Thursday Theology #606
January 21, 2010
Topic: Werner Elert's Law/Gospel Textbook on Christian Ethics
Colleagues,
Cathy Lessmann, Crossings Conference organizer, asks me to invite Crossings
folks from the St. Louis area to the eucharist scheduled for the final
evening of the conference, January 26 at 7 p.m. The place is the Chapel at the
conference site, Our Lady of the Snows, Belleville, Illinois. Homilist for
the liturgy is ELCA Bishop Marcus Lohrmann, formerly pastor at Good Shepherd
Lutheran congregation in the St. Louis suburb of Hazelwood.
One of my assignments at that Crossings conference on Monday Jan. 25 is to
show and tell the group what Werner Elert is doing in his book on Christian
ethics. Here's a trial run for today's ThTh post. [I got through only
one-half of the text by this Wednesday evening, so that's what you get here.
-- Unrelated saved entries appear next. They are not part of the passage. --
lemma cube_level_bracket:
  fixes C :: real
  assumes "0 < C" "C < 1"
  obtains j :: nat where "0 < j" "1 / (real j + 1)^2 \<le> C" "C < 1 / (real j)^2"
proof -
  define t where "t = 1 / sqrt C"
  have "1 < t" unfolding t_def using assms by simp
  define j where "j = nat (\<lceil>t\<rceil> - 1)"
  have j: "real j < t" "t \<le> real j + 1" unfolding j_def using \<open>1 < t\<close> by linarith+
  have C: "C = 1 / t^2" unfolding t_def using assms by (simp add: power_one_over)
  have "0 < j" using j \<open>1 < t\<close> by linarith
  moreover have "1 / (real j + 1)^2 \<le> C"
    unfolding C using j \<open>1 < t\<close> by (intro divide_left_mono power_mono) auto
  moreover have "C < 1 / (real j)^2"
    unfolding C using j \<open>0 < j\<close> by (intro divide_strict_left_mono power_strict_mono) auto
  ultimately show thesis using that by blast
qed

lemma exists_step_form_cube_sum:
  fixes C :: real
  assumes "0 < C" "C < 1"
  obtains w where "prob_vec w" "step_form w" "pow_sum 3 w = C"
proof -
  obtain j where j: "0 < j" "1 / (real j + 1)^2 \<le> C" "C < 1 / (real j)^2"
    using cube_level_bracket[OF assms] .
  define g where "g a = real j * a^3 + (1 - real j * a)^3" for a
  let ?lo = "1 / (real j + 1)" and ?hi = "1 / real j"
  have "1 - real j * ?lo = ?lo" by (simp add: field_simps)
  then have "g ?lo \<le> C" using j(2) cube_sum_uniform[of j] unfolding g_def by simp
  moreover have "C < g ?hi" using j(1,3) unfolding g_def by (simp add: power2_eq_square power3_eq_cube)
  moreover have "?lo \<le> ?hi" using j(1) by (simp add: frac_le)
  moreover have "continuous_on {?lo..?hi} g" unfolding g_def by (intro continuous_intros)
  ultimately obtain a where a: "?lo \<le> a" "a \<le> ?hi" "g a = C"
    using IVT'[of g ?lo C ?hi] by auto
  define b where "b = 1 - real j * a"
  have "a \<noteq> ?hi" using a \<open>C < g ?hi\<close> by auto
  then have "real j * a < 1" using a(2) j(1) by (simp add: field_simps)
  then have "0 < b" unfolding b_def by simp
  moreover have "b \<le> a" unfolding b_def using a(1) by (simp add: field_simps)
  ultimately have step: "step_form (replicate j a @ [b])"
    using step_form_iff_replicate by blast
  moreover have "prob_vec (replicate j a @ [b])"
    using step_form_prob_vec_iff[OF step] by (simp add: sum_list_replicate b_def)
  moreover have "pow_sum 3 (replicate j a @ [b]) = C" using a(3) unfolding g_def b_def by simp
  ultimately show thesis using that by blast
qed

text \<open>Vectors in \<open>\<real>\<^sup>n\<close> are modelled as functions \<open>nat \<Rightarrow> real\<close> vanishing from \<open>n\<close> on, so that
  the product topology on \<open>nat \<Rightarrow> real\<close> is available for the compactness argument.\<close>

definition cube_slice :: "nat \<Rightarrow> real \<Rightarrow> (nat \<Rightarrow> real) set" where
  "cube_slice n C = {f. (\<forall>i<n. 0 \<le> f i) \<and> (\<forall>i\<ge>n. f i = 0) \<and> (\<Sum>i<n. f i) = 1 \<and> (\<Sum>i<n. f i ^ 3) = C}"

lemma compact_cube_slice: "compact (cube_slice n C)"
proof -
  define S where "S i = (if i < n then {0..1::real} else {0})" for i
  have "compactin (product_topology (\<lambda>i. euclidean) UNIV) (PiE UNIV S)"
    unfolding compactin_PiE by (auto simp: S_def)
  then have "compact (PiE UNIV S)" by (simp add: euclidean_product_topology)
  moreover have "closed (cube_slice n C)"
    unfolding cube_slice_def
    by (intro closed_Collect_conj closed_Collect_all closed_Collect_imp open_Collect_const
        closed_Collect_le closed_Collect_eq continuous_intros continuous_on_id
        continuous_on_product_then_coordinatewise)
  moreover have "cube_slice n C \<subseteq> PiE UNIV S"
  proof
    fix f assume "f \<in> cube_slice n C"
    then have nonneg: "\<forall>i<n. 0 \<le> f i" and "\<forall>i\<ge>n. f i = 0" and "(\<Sum>i<n. f i) = 1"
      unfolding cube_slice_def by auto
    moreover have "f i \<le> (\<Sum>i<n. f i)" if "i < n" for i
      using nonneg that by (intro member_le_sum) auto
    ultimately show "f \<in> PiE UNIV S" by (auto simp: S_def not_less)
  qed
  ultimately show ?thesis by (metis compact_Int_closed inf.absorb_iff2)
qed

lemma cube_slice_has_minimizer:
  assumes "cube_slice n C \<noteq> {}"
  obtains u where "u \<in> cube_slice n C" "\<And>f. f \<in> cube_slice n C \<Longrightarrow> (\<Sum>i<n. u i ^ 4) \<le> (\<Sum>i<n. f i ^ 4)"
proof -
  have "continuous_on (cube_slice n C) (\<lambda>f. \<Sum>i<n. f i ^ 4)"
    by (intro continuous_intros continuous_on_id continuous_on_product_then_coordinatewise)
  then show thesis
    using continuous_attains_inf[OF compact_cube_slice assms] that by blast
qed

lemma sum_update_three:
  fixes g :: "'b \<Rightarrow> 'c::ab_group_add" and f :: "'a \<Rightarrow> 'b"
  assumes "finite I" "i0 \<in> I" "i1 \<in> I" "i2 \<in> I" "i0 \<noteq> i1" "i0 \<noteq> i2" "i1 \<noteq> i2"
  shows "(\<Sum>i\<in>I. g ((f(i0 := a, i1 := b, i2 := c)) i))
    = (\<Sum>i\<in>I. g (f i)) - g (f i0) - g (f i1) - g (f i2) + g a + g b + g c"
proof -
  have split: "(\<Sum>i\<in>I. h i) = (\<Sum>i\<in>I - {i0, i1, i2}. h i) + h i0 + h i1 + h i2" for h :: "'a \<Rightarrow> 'c"
    using sum.subset_diff[of "{i0, i1, i2}" I h] assms by (simp add: algebra_simps)
  have "(\<Sum>i\<in>I - {i0, i1, i2}. g ((f(i0 := a, i1 := b, i2 := c)) i)) = (\<Sum>i\<in>I - {i0, i1, i2}. g (f i))"
    by (rule sum.cong) auto
  then show ?thesis
    using split[of "\<lambda>i. g ((f(i0 := a, i1 := b, i2 := c)) i)"] split[of "\<lambda>i. g (f i)"] assms(5-7)
    by (simp add: algebra_simps)
qed

lemma cube_slice_minimizer_intermediate_unique:
  assumes u: "u \<in> cube_slice n C"
    and min: "\<And>f. f \<in> cube_slice n C \<Longrightarrow> (\<Sum>i<n. u i ^ 4) \<le> (\<Sum>i<n. f i ^ 4)"
    and "i0 < n" "i1 < n" "i2 < n"
    and "0 < u i1" "u i1 < u i0" "0 < u i2" "u i2 < u i0"
  shows "i1 = i2"
proof -
  have no_pair: False if hyps: "i1 < n" "i2 < n" "i1 \<noteq> i2" "0 < u i2" "u i2 \<le> u i1" "u i1 < u i0" for i1 i2
  proof -
    obtain a b c where abc: "0 \<le> a" "0 \<le> b" "0 \<le> c" "a+b+c = u i0 + u i1 + u i2"
      "a^3+b^3+c^3 = u i0^3 + u i1^3 + u i2^3" "a^4+b^4+c^4 < u i0^4 + u i1^4 + u i2^4"
      by (rule three_point_improvement[OF hyps(6,5,4)])
    define f where "f = u(i0 := a, i1 := b, i2 := c)"
    have sums: "(\<Sum>i<n. g (f i)) = (\<Sum>i<n. g (u i)) - g (u i0) - g (u i1) - g (u i2) + g a + g b + g c"
      for g :: "real \<Rightarrow> real"
      unfolding f_def using hyps \<open>i0 < n\<close> by (intro sum_update_three) auto
    have "f \<in> cube_slice n C"
      unfolding cube_slice_def
    proof (intro CollectI conjI allI impI)
      show "0 \<le> f i" if "i < n" for i using u abc that unfolding f_def cube_slice_def by auto
      show "f i = 0" if "n \<le> i" for i
        using u hyps \<open>i0 < n\<close> that unfolding f_def cube_slice_def by auto
      show "(\<Sum>i<n. f i) = 1" using sums[of "\<lambda>x. x"] u abc(4) unfolding cube_slice_def by simp
      show "(\<Sum>i<n. f i ^ 3) = C" using sums[of "\<lambda>x. x^3"] u abc(5) unfolding cube_slice_def by simp
    qed
    moreover have "(\<Sum>i<n. f i ^ 4) < (\<Sum>i<n. u i ^ 4)" using sums[of "\<lambda>x. x^4"] abc by simp
    ultimately show False using min by fastforce
  qed
  show ?thesis
    using no_pair[of i1 i2] no_pair[of i2 i1] assms(4-9) by (cases "u i2 \<le> u i1") auto
qed

lemma exists_step_form_same_power_sums:
  fixes u :: "nat \<Rightarrow> real"
  assumes range: "\<And>i. i < n \<Longrightarrow> 0 \<le> u i \<and> u i \<le> M" and "i0 < n" "u i0 = M" "0 < M"
    and single: "\<And>i k. \<lbrakk>i < n; k < n; 0 < u i; u i < M; 0 < u k; u k < M\<rbrakk> \<Longrightarrow> i = k"
  obtains v where "step_form v" "\<And>p. 0 < p \<Longrightarrow> pow_sum p v = (\<Sum>i<n. u i ^ p)"
proof -
  define T where "T = {i. i < n \<and> u i = M}"
  define R where "R = {i. i < n \<and> 0 < u i \<and> u i < M}"
  have fin: "finite T" "finite R" unfolding T_def R_def by simp_all
  have "i0 \<in> T" unfolding T_def using assms(2,3) by simp
  then have "0 < card T" using fin(1) card_gt_0_iff by blast
  have sums: "(\<Sum>i<n. u i ^ p) = real (card T) * M ^ p + (\<Sum>i\<in>R. u i ^ p)" if "0 < p" for p
  proof -
    have "(\<Sum>i<n. u i ^ p) = (\<Sum>i\<in>T \<union> R. u i ^ p)"
    proof (rule sum.mono_neutral_right)
      show "\<forall>i\<in>{..<n} - (T \<union> R). u i ^ p = 0"
        using range that unfolding T_def R_def by force
    qed (auto simp: T_def R_def)
    also have "\<dots> = (\<Sum>i\<in>T. u i ^ p) + (\<Sum>i\<in>R. u i ^ p)"
      using fin by (intro sum.union_disjoint) (auto simp: T_def R_def)
    also have "(\<Sum>i\<in>T. u i ^ p) = real (card T) * M ^ p" unfolding T_def by simp
    finally show ?thesis .
  qed
  have "R \<subseteq> {r}" if "r \<in> R" for r using single that unfolding R_def by blast
  then consider "R = {}" | r where "R = {r}" "0 < u r" "u r < M"
    unfolding R_def by blast
  then show thesis
  proof cases
    case 1
    let ?v = "replicate (card T - 1) M @ [M]"
    have "step_form ?v" using \<open>0 < M\<close> step_form_iff_replicate by blast
    moreover have "pow_sum p ?v = (\<Sum>i<n. u i ^ p)" if "0 < p" for p
      using sums[OF that] 1 \<open>0 < card T\<close> by (simp add: of_nat_diff algebra_simps)
    ultimately show thesis using that by blast
  next
    case 2
    let ?v = "replicate (card T) M @ [u r]"
    have "step_form ?v" using 2 step_form_iff_replicate by force
    moreover have "pow_sum p ?v = (\<Sum>i<n. u i ^ p)" if "0 < p" for p
      using sums[OF that] 2 by simp
    ultimately show thesis using that by blast
  qed
qed

lemma cube_slice_minimizer_step_form:
  assumes u: "u \<in> cube_slice n C"
    and min: "\<And>f. f \<in> cube_slice n C \<Longrightarrow> (\<Sum>i<n. u i ^ 4) \<le> (\<Sum>i<n. f i ^ 4)"
    and "0 < n"
  obtains v where "prob_vec v" "step_form v" "pow_sum 3 v = C" "pow_sum 4 v = (\<Sum>i<n. u i ^ 4)"
proof -
  define M where "M = Max (u ` {..<n})"
  have le_M: "u i \<le> M" if "i < n" for i unfolding M_def using that by simp
  obtain i0 where i0: "i0 < n" "u i0 = M"
  proof -
    have "M \<in> u ` {..<n}" unfolding M_def using \<open>0 < n\<close> by (intro Max_in) auto
    then show thesis using that by auto
  qed
  have nonneg: "0 \<le> u i" if "i < n" for i using u that unfolding cube_slice_def by simp
  have "0 < M"
  proof (rule ccontr)
    assume "\<not> 0 < M"
    then have "(\<Sum>i<n. u i) \<le> 0" by (intro sum_nonpos) (meson le_M lessThan_iff not_less order_trans)
    then show False using u unfolding cube_slice_def by simp
  qed
  obtain v where v: "step_form v" "\<And>p. 0 < p \<Longrightarrow> pow_sum p v = (\<Sum>i<n. u i ^ p)"
  proof (rule exists_step_form_same_power_sums[of n u M i0])
    show "0 \<le> u i \<and> u i \<le> M" if "i < n" for i using nonneg le_M that by simp
    show "i = k" if "i < n" "k < n" "0 < u i" "u i < M" "0 < u k" "u k < M" for i k
      using cube_slice_minimizer_intermediate_unique[OF u min i0(1) that(1,2)] that i0(2) by simp
  qed (use i0 \<open>0 < M\<close> in auto)
  have "sum_list v = 1"
    using v(2)[of 1] u unfolding pow_sum_def cube_slice_def by simp
  then have "prob_vec v" using step_form_prob_vec_iff v(1) by blast
  moreover have "pow_sum 3 v = C" using v(2)[of 3] u unfolding cube_slice_def by simp
  ultimately show thesis using that v by simp
qed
Wanna hear the rest? Well then, sign up for the conference--even at this
eleventh hour!]
Elert didn't title his book "Christian Ethics," but "Christian Ethos." A
nd that for a very specifc reason. He saw the subject matter of Christian
ethics not to be Christian morality, or Christian claims for what is right and
wrong behavior, but what it is that makes anything--better, any
person--"right or wrong," "sinful or righteous." Just as the task of dogmatics, he
claimed, is to study the church's "dogma," so the job in Christian ethics is
to study Christian "ethos." For ethos Elert uses the ancient definition.
Ethos is the value, the worth, the "quality" predicated to persons and
actions.
Simple illustration. At the end of the first day of creation in Genesis 1,
God looks at the light just created and says "good." It's no longer just
light, but "good" light. When such verdicts are made about people, that's
ethos. Ethics is the study of human ethos, what all is going on with ethos
labels--good or bad, right or wrong, sinful or righteous. Theological ethics
studies human ethos according to God's evaluations. "Christian" ethics
studies human ethos when Christ is in the mix.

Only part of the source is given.